● Exercise prompt
Please find every line in the records below that contains the word "also", and copy it.

● Data provided

-*-

lemma colon_mult_left:
  assumes "upward_closed X M" and "p \<in> polys_in X" and "h \<in> colon X M g"
  shows "p * h \<in> colon X M g"
proof -
  have "h \<in> polys_in X" "h * g \<in> monomial_ideal X M"
    using assms(3) by (simp_all add: colon_def)
  then show ?thesis
    using ideal_mult_left[OF monomial_ideal_is_ideal[OF assms(1)] assms(2)] polys_in_mult[OF assms(2)]
    by (simp add: colon_def mult.assoc)
qed

lemma colon_single_eq_monomial_ideal_iff:
  assumes "Poly_Mapping.keys \<kappa> \<subseteq> X"
  shows "(colon X M (Poly_Mapping.single \<kappa> 1) :: ('v, 'k::field) mpoly set) = monomial_ideal X N \<longleftrightarrow>
    (\<forall>\<nu>. Poly_Mapping.keys \<nu> \<subseteq> X \<longrightarrow> (M (\<nu> + \<kappa>) \<longleftrightarrow> N \<nu>))"
proof
  assume eq: "(colon X M (Poly_Mapping.single \<kappa> 1) :: ('v, 'k) mpoly set) = monomial_ideal X N"
  show "\<forall>\<nu>. Poly_Mapping.keys \<nu> \<subseteq> X \<longrightarrow> (M (\<nu> + \<kappa>) \<longleftrightarrow> N \<nu>)"
  proof (intro allI impI)
    fix \<nu> :: "'v \<Rightarrow>\<^sub>0 nat" assume \<nu>: "Poly_Mapping.keys \<nu> \<subseteq> X"
    have "M (\<nu> + \<kappa>) \<longleftrightarrow> (Poly_Mapping.single \<nu> 1 :: ('v, 'k) mpoly) \<in> colon X M (Poly_Mapping.single \<kappa> 1)"
      using \<nu> assms by (simp add: colon_def polys_in_single mult_single_in_monomial_ideal_iff)
    also have "\<dots> \<longleftrightarrow> N \<nu>"
      using \<nu> by (simp add: eq single_in_monomial_ideal_iff)
    finally show "M (\<nu> + \<kappa>) \<longleftrightarrow> N \<nu>" .
  qed
next
  assume iff: "\<forall>\<nu>. Poly_Mapping.keys \<nu> \<subseteq> X \<longrightarrow> (M (\<nu> + \<kappa>) \<longleftrightarrow> N \<nu>)"
  show "(colon X M (Poly_Mapping.single \<kappa> 1) :: ('v, 'k) mpoly set) = monomial_ideal X N"
  proof (intro set_eqI)
    fix f :: "('v, 'k) mpoly"
    show "f \<in> colon X M (Poly_Mapping.single \<kappa> 1) \<longleftrightarrow> f \<in> monomial_ideal X N"
    proof (cases "f \<in> polys_in X")
      case True
      then have "f \<in> colon X M (Poly_Mapping.single \<kappa> 1) \<longleftrightarrow> (\<forall>\<tau>\<in>Poly_Mapping.keys f. M (\<tau> + \<kappa>))"
        by (simp add: colon_def mult_single_in_monomial_ideal_iff[OF assms True])
      also have "\<dots> \<longleftrightarrow> f \<in> monomial_ideal X N"
        using True iff by (simp add: polys_in_iff monomial_ideal_iff)
      finally show ?thesis .
    qed (simp add: colon_def monomial_ideal_iff)
  qed
qed

lemma restrict_keys_mult:
  fixes f g :: "('v, 'k::field) mpoly"
  assumes "\<And>\<sigma> \<rho>. Q (\<sigma> + \<rho>) \<longleftrightarrow> Q \<sigma> \<and> Q \<rho>"
  shows "restrict_keys Q (f * g) = restrict_keys Q f * restrict_keys Q g"
proof -
  define f' g' where "f' = restrict_keys (\<lambda>\<tau>. \<not> Q \<tau>) f" and "g' = restrict_keys (\<lambda>\<tau>. \<not> Q \<tau>) g"
  have vanish: "restrict_keys Q (p * q) = 0" if "(\<forall>\<sigma>\<in>Poly_Mapping.keys p. \<not> Q \<sigma>) \<or> (\<forall>\<rho>\<in>Poly_Mapping.keys q. \<not> Q \<rho>)"
    for p q :: "('v, 'k) mpoly"
    using that assms keys_mult[of p q] by (intro restrict_keys_eq_0) blast
  have "f * g = restrict_keys Q f * restrict_keys Q g + restrict_keys Q f * g' + f' * g"
    using restrict_keys_split[of f Q] restrict_keys_split[of g Q] unfolding f'_def g'_def
    by (metis distrib_left distrib_right)
  moreover have "restrict_keys Q (restrict_keys Q f * restrict_keys Q g) = restrict_keys Q f * restrict_keys Q g"
    using assms keys_mult[of "restrict_keys Q f" "restrict_keys Q g"]
    by (intro restrict_keys_id) (auto simp: keys_restrict_keys)
  moreover have "restrict_keys Q (restrict_keys Q f * g') = 0" "restrict_keys Q (f' * g) = 0"
    by (auto intro!: vanish simp: f'_def g'_def keys_restrict_keys)
  ultimately show ?thesis
    by (simp add: restrict_keys_add)
qed

lemma in_var_prime_iff:
  "f \<in> var_prime X A \<longleftrightarrow> f \<in> polys_in X \<and> restrict_keys (\<lambda>\<tau>. \<not> has_var_in A \<tau>) f = 0"
  by (auto simp: var_prime_def monomial_ideal_iff keys_restrict_keys simp flip: keys_eq_empty)

lemma var_prime_is_prime:
  assumes "finite X"
  shows "is_prime_in (polys_in X) (var_prime X A :: ('v, 'k::field) mpoly set)"
proof -
  let ?Q = "\<lambda>\<tau>. \<not> has_var_in A \<tau>"
  have "a \<in> var_prime X A \<or> b \<in> var_prime X A"
    if "a \<in> polys_in X" "b \<in> polys_in X" "a * b \<in> var_prime X A" for a b :: "('v, 'k) mpoly"
  proof -
    have "restrict_keys ?Q a * restrict_keys ?Q b = 0"
      using that(3) by (simp add: in_var_prime_iff restrict_keys_mult has_var_in_add)
    then show ?thesis
      using that(1,2) mult_neq_0[OF assms polys_in_restrict_keys polys_in_restrict_keys]
      by (auto simp: in_var_prime_iff)
  qed
  moreover have "(1 :: ('v, 'k) mpoly) \<notin> var_prime X A"
    by (simp add: var_prime_def monomial_ideal_iff has_var_in_def)
  ultimately show ?thesis
    unfolding is_prime_in_def var_prime_def
    using monomial_ideal_is_ideal[OF has_var_in_upward_closed] polys_in_1 by blast
qed

lemma single_single_eq_var_power:
  "Poly_Mapping.single (Poly_Mapping.single a k) 1 = (var a :: ('v, 'k::field) mpoly) ^ k"
proof (induction k)
  case (Suc k)
  have "Poly_Mapping.single (Poly_Mapping.single a (Suc k)) 1 =
      Poly_Mapping.single (Poly_Mapping.single a 1 + Poly_Mapping.single a k) ((1::'k) * 1)"
    by (simp flip: single_add)
  also have "\<dots> = var a * Poly_Mapping.single (Poly_Mapping.single a k) 1"
    by (simp only: mult_single var_def)
  finally show ?case
    by (simp add: Suc.IH)
qed simp

lemma single_one_eq_prod_var_power:
  "Poly_Mapping.single \<kappa> 1 =
    (\<Prod>a\<in>Poly_Mapping.keys \<kappa>. (var a :: ('v, 'k::field) mpoly) ^ Poly_Mapping.lookup \<kappa> a)"
proof -
  have "Poly_Mapping.single (\<Sum>a\<in>A. Poly_Mapping.single a (n a)) 1 = (\<Prod>a\<in>A. (var a :: ('v, 'k) mpoly) ^ n a)"
    if "finite A" for A and n :: "'v \<Rightarrow> nat"
    using that
  proof (induction A rule: finite_induct)
    case (insert x F)
    have "Poly_Mapping.single (\<Sum>a\<in>insert x F. Poly_Mapping.single a (n a)) (1::'k) =
        Poly_Mapping.single (Poly_Mapping.single x (n x)) 1 * Poly_Mapping.single (\<Sum>a\<in>F. Poly_Mapping.single a (n a)) 1"
      by (simp only: sum.insert[OF insert(1,2)] mult_single mult_1)
    also have "\<dots> = var x ^ n x * (\<Prod>a\<in>F. var a ^ n a)"
      by (simp only: single_single_eq_var_power insert.IH)
    finally show ?case
      by (simp add: insert(1,2))
  qed simp
  then show ?thesis
    by (subst poly_mapping_sum_single[of \<kappa>]) simp
qed

context
  fixes X :: "'v set" and P :: "('v, 'k::field) mpoly set"
  assumes prime: "is_prime_in (polys_in X) P"
begin

lemma single_in_prime_iff:
  assumes "Poly_Mapping.keys \<tau> \<subseteq> X"
  shows "Poly_Mapping.single \<tau> 1 \<in> P \<longleftrightarrow> has_var_in {a \<in> X. var a \<in> P} \<tau>"
proof
  assume single: "Poly_Mapping.single \<tau> 1 \<in> P"
  have "\<And>a. a \<in> Poly_Mapping.keys \<tau> \<Longrightarrow> var a ^ Poly_Mapping.lookup \<tau> a \<in> polys_in X"
    using assms by (intro polys_in_power polys_in_var) blast
  moreover have "(\<Prod>a\<in>Poly_Mapping.keys \<tau>. var a ^ Poly_Mapping.lookup \<tau> a) \<in> P"
    using single by (simp only: single_one_eq_prod_var_power)
  ultimately have "\<exists>a\<in>Poly_Mapping.keys \<tau>. var a ^ Poly_Mapping.lookup \<tau> a \<in> P"
    by (rule prime_prod_dest[OF prime finite_keys])
  then obtain a where "a \<in> Poly_Mapping.keys \<tau>" "var a ^ Poly_Mapping.lookup \<tau> a \<in> P"
    by blast
  moreover have "a \<in> X"
    using assms calculation(1) by blast
  ultimately show "has_var_in {a \<in> X. var a \<in> P} \<tau>"
    using prime_power_dest[OF prime polys_in_var] by (auto simp: has_var_in_def in_keys_iff)
next
  assume "has_var_in {a \<in> X. var a \<in> P} \<tau>"
  then obtain a where a: "a \<in> X" "var a \<in> P" "0 < Poly_Mapping.lookup \<tau> a"
    by (auto simp: has_var_in_def)
  then have "Poly_Mapping.single a 1 + (\<tau> - Poly_Mapping.single a 1) = \<tau>"
    by (intro poly_mapping_eqI) (simp add: lookup_add lookup_minus lookup_single_if)
  then have "Poly_Mapping.single \<tau> 1 = var a * Poly_Mapping.single (\<tau> - Poly_Mapping.single a 1) (1::'k)"
    by (metis var_def mult_single mult_1)
  moreover have "Poly_Mapping.single (\<tau> - Poly_Mapping.single a 1) 1 \<in> polys_in X"
    by (rule polys_in_single[OF subset_trans[OF keys_diff_nat_subset assms]])
  ultimately show "Poly_Mapping.single \<tau> 1 \<in> P"
    using ideal_mult_right[OF prime_is_ideal[OF prime] _ a(2)] by simp
qed

lemma prime_eq_var_prime:
  assumes "\<And>f \<tau>. f \<in> P \<Longrightarrow> \<tau> \<in> Poly_Mapping.keys f \<Longrightarrow> Poly_Mapping.single \<tau> 1 \<in> P"
  shows "P = var_prime X {a \<in> X. var a \<in> P}"
proof (intro set_eqI iffI)
  fix f :: "('v, 'k) mpoly" assume "f \<in> P"
  then show "f \<in> var_prime X {a \<in> X. var a \<in> P}"
    using assms ideal_subset[OF prime_is_ideal[OF prime]] single_in_prime_iff
    by (auto simp: var_prime_def monomial_ideal_iff polys_in_iff)
next
  fix f :: "('v, 'k) mpoly" assume "f \<in> var_prime X {a \<in> X. var a \<in> P}"
  then have f: "f \<in> polys_in X" "\<forall>\<tau>\<in>Poly_Mapping.keys f. has_var_in {a \<in> X. var a \<in> P} \<tau>"
    by (simp_all add: var_prime_def monomial_ideal_iff)
  show "f \<in> P"
  proof (rule ideal_if_monomials[OF prime_is_ideal[OF prime] f(1)])
    fix \<tau> assume "\<tau> \<in> Poly_Mapping.keys f"
    then show "Poly_Mapping.single \<tau> 1 \<in> P"
      using f single_in_prime_iff by (simp add: polys_in_iff)
  qed
qed

end

lemma restrict_keys_agreeing_eq_single:
  assumes "f \<in> polys_in X" and "\<tau> \<in> Poly_Mapping.keys f"
  shows "restrict_keys (\<lambda>\<sigma>. \<forall>j\<in>X. Poly_Mapping.lookup \<sigma> j = Poly_Mapping.lookup \<tau> j) f =
    Poly_Mapping.single \<tau> (Poly_Mapping.lookup f \<tau>)"
proof (rule poly_mapping_eqI)
  fix \<sigma>
  have "\<sigma> = \<tau>" if "\<sigma> \<in> Poly_Mapping.keys f" "\<forall>j\<in>X. Poly_Mapping.lookup \<sigma> j = Poly_Mapping.lookup \<tau> j"
    using assms that by (intro exps_eqI[of _ X]) (auto simp: polys_in_iff)
  then show "Poly_Mapping.lookup (restrict_keys (\<lambda>\<sigma>. \<forall>j\<in>X. Poly_Mapping.lookup \<sigma> j = Poly_Mapping.lookup \<tau> j) f) \<sigma> =
      Poly_Mapping.lookup (Poly_Mapping.single \<tau> (Poly_Mapping.lookup f \<tau>)) \<sigma>"
    by (auto simp: lookup_restrict_keys lookup_single_if in_keys_iff)
qed

text \<open>Associated primes of a monomial ideal \<open>I\<close> are themselves monomial: if \<open>P = (I : g)\<close>, then
  \<open>P\<close> contains each homogeneous part (in every variable) of each of its elements.\<close>

context
  fixes X :: "'v set" and M :: "('v \<Rightarrow>\<^sub>0 nat) \<Rightarrow> bool" and P :: "('v, 'k::field) mpoly set"
  assumes finite: "finite X" and upward_closed: "upward_closed X M"
    and prime: "is_prime_in (polys_in X) P"
begin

-*-

● Answer for the task
    also have "\<dots> \<longleftrightarrow> N \<nu>"
      also have "\<dots> \<longleftrightarrow> f \<in> monomial_ideal X N"
  also have "\<dots> = var a * Poly_Mapping.single (Poly_Mapping.single a k) 1"
    also have "\<dots> = var x ^ n x * (\<Prod>a\<in>F. var a ^ n a)"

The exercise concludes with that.